(Material provided Opens)
lemma pow_mat_index_bound:
  fixes A :: "real mat"
  assumes A: "A \<in> carrier_mat n n" and ij: "i < n" "j < n"
  shows "\<bar>(A ^\<^sub>m k) $$ (i,j)\<bar> \<le> (\<Sum>l<n. \<Sum>l'<n. \<bar>A $$ (l,l')\<bar>) ^ k"
  using ij
proof (induction k arbitrary: j)
  case 0
  show ?case using A 0 by simp
next
  case (Suc k)
  define B where "B = (\<Sum>l<n. \<Sum>l'<n. \<bar>A $$ (l,l')\<bar>)"
  have "\<bar>(A ^\<^sub>m Suc k) $$ (i,j)\<bar> = \<bar>\<Sum>l<n. (A ^\<^sub>m k) $$ (i,l) * A $$ (l,j)\<bar>"
    using A Suc.prems by (simp add: scalar_prod_def lessThan_atLeast0)
  also have "\<dots> \<le> (\<Sum>l<n. \<bar>(A ^\<^sub>m k) $$ (i,l)\<bar> * \<bar>A $$ (l,j)\<bar>)"
    by (rule order.trans[OF sum_abs]) (simp add: abs_mult)
  also have "\<dots> \<le> (\<Sum>l<n. B ^ k * \<bar>A $$ (l,j)\<bar>)"
    using Suc.IH Suc.prems(1) unfolding B_def by (intro sum_mono mult_right_mono) auto
  also have "\<dots> = B ^ k * (\<Sum>l<n. \<bar>A $$ (l,j)\<bar>)"
    by (simp add: sum_distrib_left)
  also have "\<dots> \<le> B ^ k * B"
  proof (intro mult_left_mono)
    show "(\<Sum>l<n. \<bar>A $$ (l,j)\<bar>) \<le> B"
      unfolding B_def by (intro sum_mono member_le_sum) (use Suc.prems in auto)
    show "0 \<le> B ^ k" unfolding B_def by (intro zero_le_power sum_nonneg) auto
  qed
  finally show ?case by (simp add: B_def mult.commute)
qed

lemma dim_mat_exp [simp]:
  "dim_row (mat_exp A) = dim_row A" "dim_col (mat_exp A) = dim_col A"
  by (simp_all add: mat_exp_def)

lemma mat_exp_smult_index:
  fixes A :: "real mat"
  assumes A: "A \<in> carrier_mat n n" and ij: "i < n" "j < n"
  shows "mat_exp (x \<cdot>\<^sub>m A) $$ (i,j) = (\<Sum>k. (A ^\<^sub>m k) $$ (i,j) / fact k * x ^ k)"
  using A ij by (simp add: mat_exp_def pow_mat_smult[OF A] mult_ac)

lemma summable_mat_exp_series:
  fixes A :: "real mat"
  assumes A: "A \<in> carrier_mat n n" and ij: "i < n" "j < n"
  shows "summable (\<lambda>k. (A ^\<^sub>m k) $$ (i,j) / fact k * x ^ k)"
proof (rule summable_comparison_test)
  define B where "B = (\<Sum>l<n. \<Sum>l'<n. \<bar>A $$ (l,l')\<bar>)"
  show "summable (\<lambda>k. inverse (fact k) * (B * \<bar>x\<bar>) ^ k)"
    by (rule summable_exp)
  show "\<exists>N. \<forall>k\<ge>N. norm ((A ^\<^sub>m k) $$ (i,j) / fact k * x ^ k) \<le> inverse (fact k) * (B * \<bar>x\<bar>) ^ k"
  proof (intro exI allI impI)
    fix k :: nat
    have "\<bar>(A ^\<^sub>m k) $$ (i,j)\<bar> * \<bar>x\<bar> ^ k \<le> B ^ k * \<bar>x\<bar> ^ k"
      using pow_mat_index_bound[OF A ij] unfolding B_def by (intro mult_right_mono) auto
    then show "norm ((A ^\<^sub>m k) $$ (i,j) / fact k * x ^ k) \<le> inverse (fact k) * (B * \<bar>x\<bar>) ^ k"
      by (simp add: abs_mult power_abs divide_simps)
  qed
qed

lemma mat_exp_smult_index_has_real_derivative:
  fixes A :: "real mat"
  assumes A: "A \<in> carrier_mat n n" and ij: "i < n" "j < n"
  shows "((\<lambda>x. mat_exp (x \<cdot>\<^sub>m A) $$ (i,j)) has_real_derivative
           (\<Sum>l<n. A $$ (i,l) * mat_exp (x \<cdot>\<^sub>m A) $$ (l,j))) (at x)"
proof -
  define c where "c l k = (A ^\<^sub>m k) $$ (l,j) / fact k" for l k
  have summable: "summable (\<lambda>k. c l k * y ^ k)" if "l < n" for l y
    unfolding c_def using summable_mat_exp_series[OF A that ij(2)] .
  have diffs: "diffs (c i) k = (\<Sum>l<n. A $$ (i,l) * c l k)" for k
  proof -
    have "diffs (c i) k = (A ^\<^sub>m Suc k) $$ (i,j) / fact k"
      by (simp add: diffs_def c_def divide_simps del: of_nat_Suc)
    also have "\<dots> = (\<Sum>l<n. A $$ (i,l) * (A ^\<^sub>m k) $$ (l,j)) / fact k"
      using A ij by (subst pow_mat_Suc_left[OF A]) (simp add: scalar_prod_def lessThan_atLeast0)
    finally show ?thesis
      by (simp add: c_def sum_divide_distrib)
  qed
  have "((\<lambda>x. \<Sum>k. c i k * x ^ k) has_real_derivative (\<Sum>k. diffs (c i) k * x ^ k)) (at x)"
    by (rule termdiffs_strong_converges_everywhere) (rule summable[OF ij(1)])
  also have "(\<Sum>k. diffs (c i) k * x ^ k) = (\<Sum>k. \<Sum>l<n. A $$ (i,l) * (c l k * x ^ k))"
    by (simp add: diffs sum_distrib_right mult.assoc)
  also have "\<dots> = (\<Sum>l<n. A $$ (i,l) * (\<Sum>k. c l k * x ^ k))"
    by (subst suminf_sum) (auto intro!: summable_mult summable sum.cong simp: suminf_mult summable)
  finally show ?thesis
    using ij by (simp add: mat_exp_smult_index[OF A] c_def)
qed

lemma mat_exp_zero_smult_index:
  fixes A :: "real mat"
  assumes "A \<in> carrier_mat n n" "i < n" "j < n"
  shows "mat_exp (0 \<cdot>\<^sub>m A) $$ (i,j) = (if i = j then 1 else 0)"
  using assms powser_zero[of "\<lambda>k. (A ^\<^sub>m k) $$ (i,j) / fact k"]
  by (simp add: mat_exp_smult_index)

section \<open>Functions representable by linear ODE systems\<close>

definition solves_linear_ode :: "'i set \<Rightarrow> ('i \<Rightarrow> 'i \<Rightarrow> real) \<Rightarrow> ('i \<Rightarrow> real \<Rightarrow> real) \<Rightarrow> bool" where
  "solves_linear_ode I A u \<longleftrightarrow>
     (\<forall>i\<in>I. \<forall>x\<ge>0. (u i has_real_derivative (\<Sum>j\<in>I. A i j * u j x)) (at x within {0..}))"

lemma solves_linear_odeD:
  "solves_linear_ode I A u \<Longrightarrow> i \<in> I \<Longrightarrow> 0 \<le> x \<Longrightarrow>
    (u i has_real_derivative (\<Sum>j\<in>I. A i j * u j x)) (at x within {0..})"
  unfolding solves_linear_ode_def by blast

definition ode_representable :: "(real \<Rightarrow> real) \<Rightarrow> bool" where
  "ode_representable h \<longleftrightarrow>
     (\<exists>(m::nat) A u a. solves_linear_ode {..<m} A u \<and> (\<forall>x\<ge>0. h x = (\<Sum>i<m. a i * u i x)))"

lemma ode_representableI:
  fixes I :: "'i set"
  assumes "finite I" and u: "solves_linear_ode I A u"
    and h: "\<And>x. 0 \<le> x \<Longrightarrow> h x = (\<Sum>i\<in>I. a i * u i x)"
  shows "ode_representable h"
proof -
  obtain b where b: "bij_betw b {0..<card I} I"
    using ex_bij_betw_nat_finite[OF \<open>finite I\<close>] by blast
  have reindex: "(\<Sum>j<card I. g (b j)) = (\<Sum>j\<in>I. g j)" for g :: "'i \<Rightarrow> real"
    using sum.reindex_bij_betw[OF b, of g] by (simp add: atLeast0LessThan)
  have "b i \<in> I" if "i < card I" for i
    using b that by (auto simp: bij_betw_def)
  then show ?thesis
    unfolding ode_representable_def solves_linear_ode_def using u h
    by (intro exI[of _ "card I"] exI[of _ "\<lambda>i j. A (b i) (b j)"] exI[of _ "\<lambda>i. u (b i)"]
        exI[of _ "\<lambda>i. a (b i)"])
      (simp add: solves_linear_odeD reindex[of "\<lambda>j. A _ j * u j _"] reindex[of "\<lambda>j. a j * u j _"])
qed

lemma ode_representableE:
  assumes "ode_representable h"
  obtains m :: nat and A u a where "solves_linear_ode {..<m} A u"
    and "\<And>x. 0 \<le> x \<Longrightarrow> h x = (\<Sum>i<m. a i * u i x)"
  using assms unfolding ode_representable_def by blast

lemma ode_representable_cong:
  "ode_representable h \<Longrightarrow> (\<And>x. 0 \<le> x \<Longrightarrow> h x = g x) \<Longrightarrow> ode_representable g"
  unfolding ode_representable_def by metis

lemma ode_representable_const: "ode_representable (\<lambda>x. c)"
  by (rule ode_representableI[where I="{()}" and A="\<lambda>_ _. 0" and u="\<lambda>_ _. 1" and a="\<lambda>_. c"])
    (auto simp: solves_linear_ode_def)

lemma ode_representable_cmult:
  assumes "ode_representable h"
  shows "ode_representable (\<lambda>x. c * h x)"
proof -
  obtain m :: nat and A u a where u: "solves_linear_ode {..<m} A u"
    and h: "\<And>x. 0 \<le> x \<Longrightarrow> h x = (\<Sum>i<m. a i * u i x)"
    using ode_representableE[OF assms] by blast
  show ?thesis
    by (rule ode_representableI[OF _ u, where a="\<lambda>i. c * a i"])
      (simp_all add: h sum_distrib_left mult.assoc)
qed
(Material provided Closes)
Search the entries for the string "card". Copy every line that has it.

#### Solution for this exercise:
  obtain b where b: "bij_betw b {0..<card I} I"
  have reindex: "(\<Sum>j<card I. g (b j)) = (\<Sum>j\<in>I. g j)" for g :: "'i \<Rightarrow> real"
  have "b i \<in> I" if "i < card I" for i
    by (intro exI[of _ "card I"] exI[of _ "\<lambda>i j. A (b i) (b j)"] exI[of _ "\<lambda>i. u (b i)"]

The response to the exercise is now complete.